More "Geek Pride" geekery...
Jun. 8th, 2011 01:19 am![[personal profile]](https://www.dreamwidth.org/img/silk/identity/user.png)
Questions that have been rolling around in my head since the end of the American Spring Television Season*:
Why do mass media cater to hipsters, and treat geeks as second-class citizens, especially in entertainment (my working definitions of those two terms, for those who missed 'em)? And is the Hipster class, in part, created by mass media?
My thought -- and I admit this may be nothing more than "pretty to think so" -- is that yes, mass media, and particularly television, help to craft the hipster class, and that's why they cater to them -- as a sort of domesticated consumer pet. But here's why I think that:
Both Geeks and Hipsters value the intellect, and eschew the popular trends of the culture. However, hipsters have an active scorn for popular culture as "beneath them" (Judging by the hipster-written definitions of "hipster" at UrbanDictionary.com, anyway). And geeks don't care much for popular culture simply because they're so engrossed by their own favorite things to notice what's popular and what's not.
And that's why I think media, and in particular, television, promotes the hipster class: They need a class of young, stylish, people who see themselves as the avant-garde so they can sell their eyeballs to advertisers, to be "early adopters" for a continual stream of new things to buy. So intellectual curiousity is valued -- the media and the marketplace need at least some people who are not afraid of new ideas. Both Geeks and hipsters have that curiosity.

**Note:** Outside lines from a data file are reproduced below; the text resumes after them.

(* Let $w$ be a metric on $V$, $T$ a minimum spanning tree of $G_w$, and $T'$ a subtree of $T$. Let $e=(u,v)$ be a pair with $u\in V(T')$ and $v\notin V(T')$. Then $\mathsf{adv}(\{e\},T')\le \mathsf{adv}^*(T')$.
   Context: $w$ is a metric on a finite set $V$, $G_w$ the complete graph on $V$ with edge weights $w$, and $w(E')=\sum_{e\in E'}w(e)$ for a set of pairs $E'$. For a pair $e=(u,v)$, $P^T_e$ is the $u$–$v$ path in $T$; an edge $f\in E(T)$ is covered by $e$ iff $f\in E(P^T_e)$; $\mathsf{cov}(E')$ is the set of edges of $T$ covered by some pair of $E'$, and for a subtree $T'$, $\mathsf{cov}(E',T')=\mathsf{cov}(E')\cap E(T')$ and $\mathsf{adv}(E',T')=w(\mathsf{cov}(E',T'))-w(E')$. A vertex $x$ of $T'$ is a special vertex of $T'$ iff $\deg_{T'}(x)\neq 2$. The optimal special cover advantage $\mathsf{adv}^*(T')$ is the maximum of $\mathsf{adv}(E',T')$ over all sets $E'$ of pairs each having at least one endpoint that is a special vertex of $T'$ (the empty set is allowed, so $\mathsf{adv}^*(T')\ge 0$). *)

theory Defs
  imports Complex_Main
begin

text \<open>Vertices have type 'a; edges / pairs are unordered doubletons {x,y} with x \<noteq> y.\<close>

definition metric_on :: "'a set \<Rightarrow> ('a \<Rightarrow> 'a \<Rightarrow> real) \<Rightarrow> bool" where
  "metric_on V w \<longleftrightarrow>
     (\<forall>x\<in>V. w x x = 0) \<and>
     (\<forall>x\<in>V. \<forall>y\<in>V. x \<noteq> y \<longrightarrow> w x y > 0) \<and>
     (\<forall>x\<in>V. \<forall>y\<in>V. w x y = w y x) \<and>
     (\<forall>x\<in>V. \<forall>y\<in>V. \<forall>z\<in>V. w x z \<le> w x y + w y z)"

text \<open>All pairs of distinct elements of V: the edge set of the complete graph G_w.\<close>
definition all_pairs :: "'a set \<Rightarrow> 'a set set" where
  "all_pairs V = {{x, y} | x y. x \<in> V \<and> y \<in> V \<and> x \<noteq> y}"

definition pw :: "('a \<Rightarrow> 'a \<Rightarrow> real) \<Rightarrow> 'a set \<Rightarrow> real" where
  "pw w e = (THE d. \<exists>x y. e = {x, y} \<and> x \<noteq> y \<and> d = w x y)"

definition wset :: "('a \<Rightarrow> 'a \<Rightarrow> real) \<Rightarrow> 'a set set \<Rightarrow> real" where
  "wset w F = (\<Sum>e\<in>F. pw w e)"

definition walk :: "'a set set \<Rightarrow> 'a list \<Rightarrow> bool" where
  "walk E xs \<longleftrightarrow> xs \<noteq> [] \<and> (\<forall>i. Suc i < length xs \<longrightarrow> {xs ! i, xs ! Suc i} \<in> E)"

definition simple_path :: "'a set set \<Rightarrow> 'a list \<Rightarrow> 'a \<Rightarrow> 'a \<Rightarrow> bool" where
  "simple_path E xs u v \<longleftrightarrow> walk E xs \<and> distinct xs \<and> hd xs = u \<and> last xs = v"

definition path_edges :: "'a list \<Rightarrow> 'a set set" where
  "path_edges xs = {{xs ! i, xs ! Suc i} | i. Suc i < length xs}"

definition has_cycle :: "'a set set \<Rightarrow> bool" where
  "has_cycle E \<longleftrightarrow> (\<exists>xs. walk E xs \<and> distinct xs \<and> length xs \<ge> 3 \<and> {last xs, hd xs} \<in> E)"

definition is_tree :: "'a set \<Rightarrow> 'a set set \<Rightarrow> bool" where
  "is_tree V E \<longleftrightarrow> finite V \<and> V \<noteq> {} \<and> E \<subseteq> all_pairs V \<and>
     (\<forall>x\<in>V. \<forall>y\<in>V. \<exists>xs. simple_path E xs x y) \<and> \<not> has_cycle E"

definition spanning_tree :: "'a set \<Rightarrow> 'a set set \<Rightarrow> bool" where
  "spanning_tree V T \<longleftrightarrow> is_tree V T"

definition min_spanning_tree :: "'a set \<Rightarrow> ('a \<Rightarrow> 'a \<Rightarrow> real) \<Rightarrow> 'a set set \<Rightarrow> bool" where
  "min_spanning_tree V w T \<longleftrightarrow> spanning_tree V T \<and>
     (\<forall>T2. spanning_tree V T2 \<longrightarrow> wset w T \<le> wset w T2)"

definition subtree :: "'a set \<Rightarrow> 'a set set \<Rightarrow> 'a set \<Rightarrow> 'a set set \<Rightarrow> bool" where
  "subtree V T V' E' \<longleftrightarrow> V' \<subseteq> V \<and> E' \<subseteq> T \<and> is_tree V' E'"

definition tree_path_edges :: "'a set set \<Rightarrow> 'a \<Rightarrow> 'a \<Rightarrow> 'a set set" where
  "tree_path_edges T u v = \<Union>{path_edges xs | xs. simple_path T xs u v}"

definition cov :: "'a set set \<Rightarrow> 'a set set \<Rightarrow> 'a set set" where
  "cov T F = {f \<in> T. \<exists>u v. {u, v} \<in> F \<and> f \<in> tree_path_edges T u v}"

definition adv :: "'a set set \<Rightarrow> ('a \<Rightarrow> 'a \<Rightarrow> real) \<Rightarrow> 'a set set \<Rightarrow> 'a set set \<Rightarrow> real" where
  "adv T w F E' = wset w (cov T F \<inter> E') - wset w F"

definition degree :: "'a set set \<Rightarrow> 'a \<Rightarrow> nat" where
  "degree E x = card {f \<in> E. x \<in> f}"

definition special :: "'a set \<Rightarrow> 'a set set \<Rightarrow> 'a \<Rightarrow> bool" where
  "special V' E' x \<longleftrightarrow> x \<in> V' \<and> degree E' x \<noteq> 2"

definition adv_star :: "'a set \<Rightarrow> 'a set set \<Rightarrow> ('a \<Rightarrow> 'a \<Rightarrow> real) \<Rightarrow> 'a set \<Rightarrow> 'a set set \<Rightarrow> real" where
  "adv_star V T w V' E' = Max {adv T w F E' | F. F \<subseteq> all_pairs V \<and>
      (\<forall>e\<in>F. \<exists>x\<in>e. special V' E' x)}"

end

theory Submission
  imports Defs
begin

text \<open>Let Q be the tree path from u to v. Walk backwards from u along edges of T' for as long as
  possible without meeting the walk so far or Q. As T is acyclic, a vertex of degree at least 2 in T'
  always has a neighbour off the current path, so the walk ends at a leaf a of T', a special vertex.
  The tree path from a to v is this walk P followed by Q, so the pair (a, v) covers in addition
  exactly the edges of P, while by the triangle inequality w(a, v) - w(u, v) \<le> w(a, u) \<le> w(P).
  Hence adv({(u, v)}, T') \<le> adv({(a, v)}, T') \<le> adv*(T').\<close>

lemma not_walk_Nil [simp]: "\<not> walk E []"
  by (simp add: walk_def)

lemma walk_singleton [simp]: "walk E [x]"
  by (simp add: walk_def)

lemma walk_Cons_Cons [simp]: "walk E (x # y # zs) \<longleftrightarrow> {x, y} \<in> E \<and> walk E (y # zs)"
  by (auto simp: walk_def nth_Cons split: nat.splits)

lemma walk_Cons: "xs \<noteq> [] \<Longrightarrow> walk E (x # xs) \<longleftrightarrow> {x, hd xs} \<in> E \<and> walk E xs"
  by (cases xs) auto

lemma path_edges_Nil [simp]: "path_edges [] = {}"
  by (simp add: path_edges_def)

lemma path_edges_singleton [simp]: "path_edges [x] = {}"
  by (simp add: path_edges_def)

lemma path_edges_Cons_Cons [simp]:
  "path_edges (x # y # zs) = insert {x, y} (path_edges (y # zs))"
proof (rule set_eqI, rule iffI)
  fix f
  assume "f \<in> path_edges (x # y # zs)"
  then obtain i where f: "f = {(x # y # zs) ! i, (x # y # zs) ! Suc i}" "Suc i < length (x # y # zs)"
    unfolding path_edges_def by blast
  show "f \<in> insert {x, y} (path_edges (y # zs))"
  proof (cases i)
    case 0
    then show ?thesis using f by simp
  next
    case (Suc j)
    then show ?thesis using f unfolding path_edges_def by auto
  qed
next
  fix f
  assume "f \<in> insert {x, y} (path_edges (y # zs))"
  then show "f \<in> path_edges (x # y # zs)"
  proof
    assume "f = {x, y}"
    then show ?thesis unfolding path_edges_def by force
  next
    assume "f \<in> path_edges (y # zs)"
    then obtain j where "f = {(y # zs) ! j, (y # zs) ! Suc j}" "Suc j < length (y # zs)"
      unfolding path_edges_def by blast
    then have "f = {(x # y # zs) ! Suc j, (x # y # zs) ! Suc (Suc j)}"
      and "Suc (Suc j) < length (x # y # zs)"
      by auto
    then show ?thesis unfolding path_edges_def by blast
  qed
qed

lemma path_edges_subset_set: "f \<in> path_edges xs \<Longrightarrow> f \<subseteq> set xs"
  by (auto simp: path_edges_def)

lemma finite_path_edges [simp]: "finite (path_edges xs)"
  by (induction xs rule: induct_list012) auto

lemma walk_path_edges_subset: "walk E xs \<Longrightarrow> path_edges xs \<subseteq> E"
  by (auto simp: walk_def path_edges_def)

lemma walk_mono: "E \<subseteq> F \<Longrightarrow> walk E xs \<Longrightarrow> walk F xs"
  by (auto simp: walk_def)

lemma walk_take: "walk E xs \<Longrightarrow> 0 < n \<Longrightarrow> walk E (take n xs)"
  by (auto simp: walk_def)

lemma walk_append: "walk E (xs @ [y]) \<Longrightarrow> walk E (y # ys) \<Longrightarrow> walk E (xs @ y # ys)"
  by (induction xs rule: induct_list012) auto

lemma path_edges_append:
  "path_edges (xs @ y # ys) = path_edges (xs @ [y]) \<union> path_edges (y # ys)"
  by (induction xs rule: induct_list012) auto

What sets hipsters apart from geeks (and why the television industry loves them) is that scorn. Because as soon as something goes from being avant garde to popular, you need to have people who declare it "Soo last year (month, week, yesterday)!" The problem with geeks is: they fall in love with something, and they tend to stay in love it. They might, indeed, be young men between the ages of 18 and 34, but their trend-setting habits align them more with the 50-year olds.

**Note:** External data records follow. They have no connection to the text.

(* Let $P_n$ be a labeled path whose ribbon diagram $RT(P_n)$ has at least two columns and every column of $RT(P_n)$ contains at least $2$ boxes (equivalently, the ribbon diagram of the path $f(P_n)$ with labeling $(n+1-\sigma_1)\cdots(n+1-\sigma_n)$ has composition $(\alpha_1,\dots,\alpha_k)$ with $k\ge2$ and all $\alpha_i\ge 2$). Then $X(P_n;\mathbf{x},q)$ is not symmetric.
   Context: A labeled path $P_n$ is the path graph with vertices $v_1,\dots,v_n$ (edges $v_iv_{i+1}$) where $v_i$ carries label $\sigma_i$ for a permutation $\sigma$ of $[n]$; vertices are identified with labels. A proper coloring is $c\colon[n]\to\{1,2,\dots\}$ with adjacent vertices colored differently; $\operatorname{asc}(c)=\#\{ij\in E: i<j,\ c(i)<c(j)\}$. The CQF is $X(P_n;\mathbf{x},q)=\sum_{c \text{ proper}} x_{c(1)}\cdots x_{c(n)}q^{\operatorname{asc}(c)}$; it is symmetric if each coefficient of $q^k$ is a symmetric function. The ad-pattern of $P_n$ is $w_1\cdots w_{n-1}$ with $w_i=a$ if $\sigma_i<\sigma_{i+1}$ and $w_i=d$ otherwise. The ribbon diagram $RT(P_n)$: start with box $1$, and for $i=1,\dots,n-1$ place box $i+1$ immediately right of box $i$ if $w_i=a$ and immediately above box $i$ if $w_i=d$. Its composition lists the number of boxes in each row from the bottom row up; a column is the set of boxes sharing the same horizontal position. *)

theory Defs
  imports Main
begin

(* A labeled path P_n is given by a permutation sigma of {1..n}:
   vertex v_i carries label sigma i, vertices are identified with labels,
   edges are {sigma i, sigma (i+1)} for 1 <= i < n. *)
definition labeled_path :: "nat \<Rightarrow> (nat \<Rightarrow> nat) \<Rightarrow> bool" where
  "labeled_path n \<sigma> \<longleftrightarrow> bij_betw \<sigma> {1..n} {1..n}"

definition proper_coloring :: "nat \<Rightarrow> (nat \<Rightarrow> nat) \<Rightarrow> (nat \<Rightarrow> nat) \<Rightarrow> bool" where
  "proper_coloring n \<sigma> c \<longleftrightarrow>
     (\<forall>i\<in>{1..n}. c i \<ge> 1) \<and> (\<forall>i. i \<notin> {1..n} \<longrightarrow> c i = 0) \<and>
     (\<forall>i. 1 \<le> i \<and> i < n \<longrightarrow> c (\<sigma> i) \<noteq> c (\<sigma> (Suc i)))"

definition asc :: "nat \<Rightarrow> (nat \<Rightarrow> nat) \<Rightarrow> (nat \<Rightarrow> nat) \<Rightarrow> nat" where
  "asc n \<sigma> c = card {i. 1 \<le> i \<and> i < n \<and>
      ((\<sigma> i < \<sigma> (Suc i) \<and> c (\<sigma> i) < c (\<sigma> (Suc i))) \<or>
       (\<sigma> (Suc i) < \<sigma> i \<and> c (\<sigma> (Suc i)) < c (\<sigma> i)))}"

(* Coefficient of q^k x_1^{a 1} x_2^{a 2} ... in X(P_n; x, q):
   number of proper colorings with asc = k whose color multiplicities are a
   (a 0 is irrelevant since colors are positive). *)
definition cqf_coeff :: "nat \<Rightarrow> (nat \<Rightarrow> nat) \<Rightarrow> nat \<Rightarrow> (nat \<Rightarrow> nat) \<Rightarrow> nat" where
  "cqf_coeff n \<sigma> k a = card {c. proper_coloring n \<sigma> c \<and> asc n \<sigma> c = k \<and>
      (\<forall>j\<ge>1. card {i\<in>{1..n}. c i = j} = a j)}"

definition cqf_symmetric :: "nat \<Rightarrow> (nat \<Rightarrow> nat) \<Rightarrow> bool" where
  "cqf_symmetric n \<sigma> \<longleftrightarrow>
     (\<forall>k a \<pi>. bij_betw \<pi> {1..} {1..} \<longrightarrow>
        cqf_coeff n \<sigma> k (\<lambda>j. a (\<pi> j)) = cqf_coeff n \<sigma> k a)"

Think of the most common jokes (in television sitcoms and romcom movies, particularly) mocking the geek for geek stereotypes: a man in his 30s or 40s who still has his Star Wars action figures from when he was 12.
That's why I think of CBS's The Big Bang Theory as a hipster show masquerading as a 'geek pride' show. Yes, all the four male leads are framed as highly intellectual, geeky, scientists... But all the laugh lines basically boil down to: "oh, my god! How ridiculously geeky is that?!"

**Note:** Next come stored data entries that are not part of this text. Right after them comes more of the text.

lemma edge_ends_doubleton: "edge_ends {u, v} = (u, v) \<or> edge_ends {u, v} = (v, u)"
proof -
  have "\<exists>p. {u, v} = {fst p, snd p}" by (rule exI[of _ "(u, v)"]) simp
  then have "{u, v} = {fst (edge_ends {u, v}), snd (edge_ends {u, v})}"
    unfolding edge_ends_def by (rule someI_ex)
  then show ?thesis by (metis doubleton_eq_iff prod.collapse)
qed

lemma hypercube_edgeE:
  assumes "e \<in> edges (hypercube q)"
  obtains u v j where "edge_ends e = (u, v)" "e = {u, v}" "length u = q" "length v = q"
    "differ_only_at q u v j"
proof -
  obtain u v j where uv: "e = {u, v}" "length u = q" "length v = q" "differ_only_at q u v j"
    using assms by (auto simp: edges_hypercube_iff)
  from edge_ends_doubleton[of u v] show ?thesis
  proof
    assume "edge_ends {u, v} = (v, u)"
    then show ?thesis using that[of v u j] uv differ_only_at_sym by (metis insert_commute)
  qed (use that uv in auto)
qed

definition image_graph :: "('a \<Rightarrow> 'b) \<Rightarrow> 'a graph \<Rightarrow> 'b graph" where
  "image_graph f G = (f ` verts G, (\<lambda>e. f ` e) ` edges G)"

lemma verts_image_graph: "verts (image_graph f G) = f ` verts G"
  by (simp add: image_graph_def verts_def)

lemma edges_image_graph: "edges (image_graph f G) = (\<lambda>e. f ` e) ` edges G"
  by (simp add: image_graph_def edges_def)

lemma isomorphic_image_graph:
  assumes inj: "inj_on f (verts G)" and edges_in: "\<And>e. e \<in> edges G \<Longrightarrow> e \<subseteq> verts G"
  shows "isomorphic G (image_graph f G)"
  unfolding isomorphic_def
proof (intro exI[of _ f] conjI ballI)
  show "bij_betw f (verts G) (verts (image_graph f G))"
    using inj by (simp add: bij_betw_def verts_image_graph)
  fix x y assume "x \<in> verts G" "y \<in> verts G"
  show "{x, y} \<in> edges G \<longleftrightarrow> {f x, f y} \<in> edges (image_graph f G)"
  proof
    assume "{f x, f y} \<in> edges (image_graph f G)"
    then obtain e where "e \<in> edges G" "f ` {x, y} = f ` e"
      by (auto simp: edges_image_graph)
    moreover have "{x, y} \<subseteq> verts G" "e \<subseteq> verts G"
      using \<open>x \<in> verts G\<close> \<open>y \<in> verts G\<close> edges_in[OF \<open>e \<in> edges G\<close>] by auto
    ultimately have "{x, y} = e" using inj_on_image_eq_iff[OF inj] by metis
    then show "{x, y} \<in> edges G" using \<open>e \<in> edges G\<close> by simp
  next
    assume "{x, y} \<in> edges G"
    then have "f ` {x, y} \<in> edges (image_graph f G)"
      unfolding edges_image_graph by (rule imageI)
    then show "{f x, f y} \<in> edges (image_graph f G)" by simp
  qed
qed

lemma subgraph_image_graph:
  assumes "\<And>e. e \<in> edges G \<Longrightarrow> e \<subseteq> verts G" "f ` verts G \<subseteq> verts H"
    "\<And>e. e \<in> edges G \<Longrightarrow> f ` e \<in> edges H"
  shows "subgraph (image_graph f G) H"
  using assms unfolding subgraph_def verts_image_graph edges_image_graph by auto

lemma verts_stretch:
  "verts (stretch m G) = Inl ` verts G \<union> {Inr (e, i) | e i. e \<in> edges G \<and> 0 < i \<and> i < m}"
  by (simp add: stretch_def verts_def)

And the one male lead who is paired with the only female lead** (who happens to be blonde and thin, and speaks with a piping girl voice, and is framed by the narrative as "The object of desire"), is the one who rolls his eyes at the others.
...Either that, or I'm still judging the show for that one line in its theme song: "The autotrophs began to drool." I mean, if that's not geek-science-biology fail, I don't know what is!*** It's like someone just scanned the Internet for cool sounding science words, and put them together into a song, without caring if it makes any sense or not. And it's that aloof not-caring that flagged the show as 'hipster,' to me.
I was going to go on, and write further about geekery and disability. But this has taken up too much space-time already.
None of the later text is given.